In late 2015, Robinson signed a new record contract with Eagle Rock Entertainment, who would be releasing the album he planned to release in 2016. As part of the deal between the two, Eagle Rock agreed to re-release Robinson's back catalog, beginning with Paper on February 26, 2016. This proved to be somewhat of a challenge for Robinson, as the master tapes for the album had been significantly damaged during Hurricane Sandy in October 2012. As a result, all of Robinson's original vocal tracks had been erased. Thus, Robinson was forced to return to the studio and re-record his vocals in order to reissue the album on schedule. "At first I was like, 'Oh, shit. While I'm making my new record I also have to re-sing Paper?'" Robinson told Billboard magazine in 2016. "But it was cool in a sense. We got in the studio and put 'em up, and I was like, 'Man, this fucking thing sounds great!'"
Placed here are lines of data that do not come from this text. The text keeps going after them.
(* For every (possibly open) term $t$ with $k\notin\mathrm{fv}(t)$, $t\;(\approx^p_\emptyset)^{\circ}\;\mathcal Sk.(k\,t)$.
   Context: Terms of $\lambda_S$: $t ::= x \mid \lambda x.t \mid t\,t \mid \mathcal{S}k.t \mid \langle t\rangle$ (shift binds $k$; $\langle\cdot\rangle$ reset), up to $\alpha$-conversion; $\mathrm{fv}(t)$ free variables. Values $v::=\lambda x.t$. Pure contexts $E ::= \Box \mid v\,E \mid E\,t$; evaluation contexts $F ::= \Box \mid v\,F \mid F\,t \mid \langle F\rangle$. Reduction: $F[(\lambda x.t)v]\to F[t\{v/x\}]$; $F[\langle E[\mathcal Sk.t]\rangle]\to F[\langle t\{\lambda x.\langle E[x]\rangle/k\}\rangle]$ ($x\notin\mathrm{fv}(E)$); $F[\langle v\rangle]\to F[v]$; $\to^*$ reflexive-transitive closure. Program: term $\langle t\rangle$ (ranged over by $p$). Closures: for $R$ a relation on closed terms, $\widetilde R$ is the smallest relation containing $R$, all $(x,x)$, closed under all term constructors, restricted to closed terms; $\widehat R$ is the smallest relation on closed evaluation contexts with $\Box\widehat R\Box$, $v_0F_0\widehat Rv_1F_1$ if $F_0\widehat RF_1,v_0\widetilde Rv_1$; $F_0t_0\widehat RF_1t_1$ if $F_0\widehat RF_1,t_0\widetilde Rt_1$; $\langle F_0\rangle\widehat R\langle F_1\rangle$ if $F_0\widehat RF_1$. Environmental bisimilarity for programs: an environment $\mathcal E$ is a relation on closed values; an environmental relation $\mathcal X$ is a set of environments and triples $(\mathcal E,t_0,t_1)$, $t_0,t_1$ closed, written $t_0\mathcal X_{\mathcal E}t_1$. $\mathcal X$ is an environmental bisimulation for programs if (1) if $t_0\mathcal X_{\mathcal E}t_1$ and $t_0,t_1$ are not both programs, then for all pure $E_0\widehat{\mathcal E}E_1$, $\langle E_0[t_0]\rangle\mathcal X_{\mathcal E}\langle E_1[t_1]\rangle$; (2) if $p_0\mathcal X_{\mathcal E}p_1$: (a) $p_0\to p_0'$ (program) implies $p_1\to^*p_1'$ (program) with $p_0'\mathcal X_{\mathcal E}p_1'$; (b) $p_0\to v_0$ implies $p_1\to^*v_1$ and $\{(v_0,v_1)\}\cup\mathcal E\in\mathcal X$; (c) symmetric conditions; (3) for $\mathcal E\in\mathcal X$, $(\lambda x.t_0)\mathcal E(\lambda x.t_1)$ and $v_0\widetilde{\mathcal E}v_1$ imply $t_0\{v_0/x\}\mathcal X_{\mathcal E}t_1\{v_1/x\}$. $\approx^p$ is the largest such relation; $t_0\approx^p_{\emptyset}t_1$ means $(\emptyset,t_0,t_1)\in\approx^p$. Open extension: for terms $t_0,t_1$ with $\vec x=\mathrm{fv}(t_0)\cup\mathrm{fv}(t_1)$, $t_0\,(\approx^p_\emptyset)^\circ\,t_1$ iff $\lambda\vec x.t_0\approx^p_\emptyset\lambda\vec x.t_1$, where $\lambda\vec x.t$ abstracts the variables of $\vec x$ in succession. *)

theory Defs
  imports Main
begin

text \<open>Terms up to alpha-conversion are represented with de Bruijn indices.
  Both Lam and Shift bind index 0 in their body.  A free index n (at top level)
  denotes the free variable named n.\<close>

datatype trm = Var nat | Lam trm | App trm trm | Shift trm | Reset trm

fun fv :: "trm \<Rightarrow> nat set" where
  "fv (Var n) = {n}"
| "fv (Lam t) = (\<lambda>n. n - 1) ` (fv t - {0})"
| "fv (App t s) = fv t \<union> fv s"
| "fv (Shift t) = (\<lambda>n. n - 1) ` (fv t - {0})"
| "fv (Reset t) = fv t"

definition closed :: "trm \<Rightarrow> bool" where
  "closed t \<longleftrightarrow> fv t = {}"

definition is_val :: "trm \<Rightarrow> bool" where
  "is_val t \<longleftrightarrow> (\<exists>b. t = Lam b)"

definition is_prog :: "trm \<Rightarrow> bool" where
  "is_prog t \<longleftrightarrow> (\<exists>s. t = Reset s)"

fun lift :: "nat \<Rightarrow> trm \<Rightarrow> trm" where
  "lift k (Var i) = (if i < k then Var i else Var (Suc i))"
| "lift k (Lam t) = Lam (lift (Suc k) t)"
| "lift k (App t s) = App (lift k t) (lift k s)"
| "lift k (Shift t) = Shift (lift (Suc k) t)"
| "lift k (Reset t) = Reset (lift k t)"

text \<open>Capture-avoiding substitution: subst t k s replaces index k by s
  (and decrements the larger indices).  t{v/x} for the body t of a binder is subst t 0 v.\<close>
fun subst :: "trm \<Rightarrow> nat \<Rightarrow> trm \<Rightarrow> trm" where
  "subst (Var i) k s = (if i < k then Var i else if i = k then s else Var (i - 1))"
| "subst (Lam t) k s = Lam (subst t (Suc k) (lift 0 s))"
| "subst (App t u) k s = App (subst t k s) (subst u k s)"
| "subst (Shift t) k s = Shift (subst t (Suc k) (lift 0 s))"
| "subst (Reset t) k s = Reset (subst t k s)"

datatype ctx = Hole | CAppR trm ctx | CAppL ctx trm | CReset ctx

fun plug :: "ctx \<Rightarrow> trm \<Rightarrow> trm" where
  "plug Hole t = t"
| "plug (CAppR v F) t = App v (plug F t)"
| "plug (CAppL F s) t = App (plug F t) s"
| "plug (CReset F) t = Reset (plug F t)"

fun lift_ctx :: "nat \<Rightarrow> ctx \<Rightarrow> ctx" where
  "lift_ctx k Hole = Hole"
| "lift_ctx k (CAppR v F) = CAppR (lift k v) (lift_ctx k F)"
| "lift_ctx k (CAppL F s) = CAppL (lift_ctx k F) (lift k s)"
| "lift_ctx k (CReset F) = CReset (lift_ctx k F)"

fun pure_ctx :: "ctx \<Rightarrow> bool" where
  "pure_ctx Hole = True"
| "pure_ctx (CAppR v F) = (is_val v \<and> pure_ctx F)"
| "pure_ctx (CAppL F s) = pure_ctx F"
| "pure_ctx (CReset F) = False"

fun eval_ctx :: "ctx \<Rightarrow> bool" where
  "eval_ctx Hole = True"
| "eval_ctx (CAppR v F) = (is_val v \<and> eval_ctx F)"
| "eval_ctx (CAppL F s) = eval_ctx F"
| "eval_ctx (CReset F) = eval_ctx F"

inductive red :: "trm \<Rightarrow> trm \<Rightarrow> bool" where
  beta: "\<lbrakk>eval_ctx F; is_val v\<rbrakk> \<Longrightarrow>
     red (plug F (App (Lam t) v)) (plug F (subst t 0 v))"
| shift: "\<lbrakk>eval_ctx F; pure_ctx E\<rbrakk> \<Longrightarrow>
     red (plug F (Reset (plug E (Shift t))))
         (plug F (Reset (subst t 0 (Lam (Reset (plug (lift_ctx 0 E) (Var 0)))))))"
| reset: "\<lbrakk>eval_ctx F; is_val v\<rbrakk> \<Longrightarrow>
     red (plug F (Reset v)) (plug F v)"

abbreviation reds :: "trm \<Rightarrow> trm \<Rightarrow> bool" where
  "reds \<equiv> red\<^sup>*\<^sup>*"

type_synonym env = "(trm \<times> trm) set"

inductive tilde_raw :: "env \<Rightarrow> trm \<Rightarrow> trm \<Rightarrow> bool" for R where
  base: "(t0, t1) \<in> R \<Longrightarrow> tilde_raw R t0 t1"
| var: "tilde_raw R (Var n) (Var n)"
| lam: "tilde_raw R t0 t1 \<Longrightarrow> tilde_raw R (Lam t0) (Lam t1)"
| app: "\<lbrakk>tilde_raw R t0 t1; tilde_raw R s0 s1\<rbrakk> \<Longrightarrow> tilde_raw R (App t0 s0) (App t1 s1)"
| shift: "tilde_raw R t0 t1 \<Longrightarrow> tilde_raw R (Shift t0) (Shift t1)"
| reset: "tilde_raw R t0 t1 \<Longrightarrow> tilde_raw R (Reset t0) (Reset t1)"

definition tilde :: "env \<Rightarrow> trm \<Rightarrow> trm \<Rightarrow> bool" where
  "tilde R t0 t1 \<longleftrightarrow> tilde_raw R t0 t1 \<and> closed t0 \<and> closed t1"

inductive ctx_hat :: "env \<Rightarrow> ctx \<Rightarrow> ctx \<Rightarrow> bool" for R where
  hole: "ctx_hat R Hole Hole"
| appR: "\<lbrakk>ctx_hat R F0 F1; is_val v0; is_val v1; tilde R v0 v1\<rbrakk> \<Longrightarrow>
     ctx_hat R (CAppR v0 F0) (CAppR v1 F1)"
| appL: "\<lbrakk>ctx_hat R F0 F1; tilde R t0 t1\<rbrakk> \<Longrightarrow> ctx_hat R (CAppL F0 t0) (CAppL F1 t1)"
| reset: "ctx_hat R F0 F1 \<Longrightarrow> ctx_hat R (CReset F0) (CReset F1)"

text \<open>An environmental relation is given by its set of environments Es and its
  set of triples Ts.\<close>

definition is_env :: "env \<Rightarrow> bool" where
  "is_env E \<longleftrightarrow> (\<forall>a b. (a, b) \<in> E \<longrightarrow> closed a \<and> closed b \<and> is_val a \<and> is_val b)"

definition env_bisim :: "env set \<Rightarrow> (env \<times> trm \<times> trm) set \<Rightarrow> bool" where
  "env_bisim Es Ts \<longleftrightarrow>
    (\<forall>E\<in>Es. is_env E) \<and>
    (\<forall>E t0 t1. (E, t0, t1) \<in> Ts \<longrightarrow> is_env E \<and> closed t0 \<and> closed t1) \<and>
    \<comment> \<open>(1)\<close>
    (\<forall>E t0 t1. (E, t0, t1) \<in> Ts \<longrightarrow> \<not> (is_prog t0 \<and> is_prog t1) \<longrightarrow>
       (\<forall>E0 E1. pure_ctx E0 \<and> pure_ctx E1 \<and> ctx_hat E E0 E1 \<longrightarrow>
          (E, Reset (plug E0 t0), Reset (plug E1 t1)) \<in> Ts)) \<and>
    \<comment> \<open>(2)\<close>
    (\<forall>E p0 p1. (E, p0, p1) \<in> Ts \<longrightarrow> is_prog p0 \<longrightarrow> is_prog p1 \<longrightarrow>
       (\<forall>p0'. red p0 p0' \<and> is_prog p0' \<longrightarrow>
          (\<exists>p1'. reds p1 p1' \<and> is_prog p1' \<and> (E, p0', p1') \<in> Ts)) \<and>
       (\<forall>v0. red p0 v0 \<and> is_val v0 \<longrightarrow>
          (\<exists>v1. reds p1 v1 \<and> is_val v1 \<and> insert (v0, v1) E \<in> Es)) \<and>
       (\<forall>p1'. red p1 p1' \<and> is_prog p1' \<longrightarrow>
          (\<exists>p0'. reds p0 p0' \<and> is_prog p0' \<and> (E, p0', p1') \<in> Ts)) \<and>
       (\<forall>v1. red p1 v1 \<and> is_val v1 \<longrightarrow>
          (\<exists>v0. reds p0 v0 \<and> is_val v0 \<and> insert (v0, v1) E \<in> Es))) \<and>
    \<comment> \<open>(3)\<close>
    (\<forall>E\<in>Es. \<forall>t0 t1 v0 v1. (Lam t0, Lam t1) \<in> E \<and> is_val v0 \<and> is_val v1 \<and> tilde E v0 v1 \<longrightarrow>
       (E, subst t0 0 v0, subst t1 0 v1) \<in> Ts)"

definition prog_bisimilar :: "env \<Rightarrow> trm \<Rightarrow> trm \<Rightarrow> bool" where
  "prog_bisimilar E t0 t1 \<longleftrightarrow> (\<exists>Es Ts. env_bisim Es Ts \<and> (E, t0, t1) \<in> Ts)"

text \<open>Abstraction of the free variable x: abst x t = \<lambda>x.t.\<close>
fun abst_aux :: "nat \<Rightarrow> nat \<Rightarrow> trm \<Rightarrow> trm" where
  "abst_aux x d (Var i) = (if i < d then Var i else if i = d + x then Var d else Var (Suc i))"
| "abst_aux x d (Lam t) = Lam (abst_aux x (Suc d) t)"
| "abst_aux x d (App t s) = App (abst_aux x d t) (abst_aux x d s)"
| "abst_aux x d (Shift t) = Shift (abst_aux x (Suc d) t)"
| "abst_aux x d (Reset t) = Reset (abst_aux x d t)"

definition abst :: "nat \<Rightarrow> trm \<Rightarrow> trm" where
  "abst x t = Lam (abst_aux x 0 t)"

definition abst_vars :: "nat list \<Rightarrow> trm \<Rightarrow> trm" where
  "abst_vars xs t = foldr abst xs t"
While afforded the opportunity to revisit the album's vocals, Robinson made the decision to also rewrite some of his original lyrics. "(I)t was great to remix and re-sing (the songs), tweak the words a little bit, pull out lines I couldn't stand to sing, and it just turned out great," he noted. In the end, "When You Will," "Begin" and "Falling Away" received minor lyrical adjustments, while "Oh No" had its verse lyrics and melody completely altered, resulting in it being retitled as "Cause You're With Me." "It's Over" was returned to its original, pre-Paper title of "Goodbye," but its lyrics remained intact from the originally released version.
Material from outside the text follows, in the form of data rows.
lemma r_unbounded_supercritical:
  assumes b: "b < 0" and e: "0 < e" "e \<le> \<delta>"
  shows "\<forall>\<^sub>F t in at_top. w < r t e"
  using eventually_gt_at_top[of "max 0 (w / \<Phi> e)"]
proof eventually_elim
  case (elim t)
  have "\<Phi> e \<le> \<Phi> (v s e)" if "s \<in> {0..t}" for s
    using v_ge_supercritical[OF b e order_refl, of s] that e by (intro Phi_mono) auto
  then have "integral {0..t} (\<lambda>_. \<Phi> e) \<le> r t e"
    unfolding r_fun_def using e by (intro integral_le Phi_v_integrable) auto
  moreover have "w < t * \<Phi> e"
    using elim Phi_pos[OF e(1)] by (simp add: divide_less_eq mult.commute)
  ultimately show ?case
    using elim by simp
qed

lemma G_along_v_supercritical:
  assumes b: "b < 0" and l: "0 < l" "l \<le> \<delta>" and t: "t \<ge> 0"
    and below: "\<And>s. 0 \<le> s \<Longrightarrow> s \<le> t \<Longrightarrow> v s l \<le> \<delta>"
  shows "G l - G (v t l) = r t l"
proof -
  have "G (v t l) - G l = sgn b * r t l"
    by (rule G_along_v[OF l(1) t l(1)]) (use v_ge_supercritical[OF b l order_refl] below in auto)
  then show ?thesis
    using b by simp
qed

text \<open>Up to the first time \<open>\<tau>\<close> at which \<open>v\<close> reaches \<open>\<eta>\<close>, the flow stays in \<open>[l, \<eta>]\<close>, so
  \<open>r \<tau> l\<close> equals the integral of \<open>\<Phi> / \<bar>\<Psi>\<bar>\<close> over \<open>[l, \<eta>]\<close>.\<close>

lemma v_le_while_r_small_supercritical:
  assumes b: "b < 0" and l: "0 < l" "l \<le> \<eta>" and \<eta>: "\<eta> \<le> \<delta>" and s: "0 \<le> s" "s \<le> t"
    and r_small: "r t l < integral {l..\<eta>} ratio"
  shows "v s l \<le> \<eta>"
proof (rule ccontr)
  assume "\<not> v s l \<le> \<eta>"
  have cont: "continuous_on {0..s} (\<lambda>x. v x l)"
    using l by (intro continuous_on_subset[OF v_continuous]) auto
  obtain \<tau> where \<tau>: "0 \<le> \<tau>" "\<tau> \<le> s" "v \<tau> l = \<eta>" and before: "\<And>x. 0 \<le> x \<Longrightarrow> x < \<tau> \<Longrightarrow> v x l < \<eta>"
    using first_hitting_time[OF cont s(1), of \<eta>] v_init l \<open>\<not> v s l \<le> \<eta>\<close> by auto
  have "v x l \<le> \<delta>" if "0 \<le> x" "x \<le> \<tau>" for x
    using before[of x] that \<tau> \<eta> by (cases "x = \<tau>") auto
  then have "r \<tau> l = integral {l..\<eta>} ratio"
    using G_along_v_supercritical[OF b l(1) _ \<tau>(1)] G_diff[of l \<eta>] \<tau> l \<eta> by simp
  moreover have "r \<tau> l \<le> r t l"
    using r_mono_time[of l \<tau> t] \<tau> s l by simp
  ultimately show False
    using r_small by simp
qed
Aside from the lyrical alterations, Robinson opted to add three previously unreleased tracks to the record. The first, "Stand Up," originally appeared during Robinson's Hookah Brown days and was a regular setlist staple during his 2004 solo tour. The other two inclusions were tracks that were intended to be on the original release of Paper but weren't completed in time for release - "Walking By Myself" and "Words of the Chosen." Both of these songs also appeared in Robinson's 2004 tour setlists, but much more sporadically than "Stand Up." Also worth noting is that the version of "Words of the Chosen" included on the Paper reissue is an instrumental, while on the 2004 tour it included vocals.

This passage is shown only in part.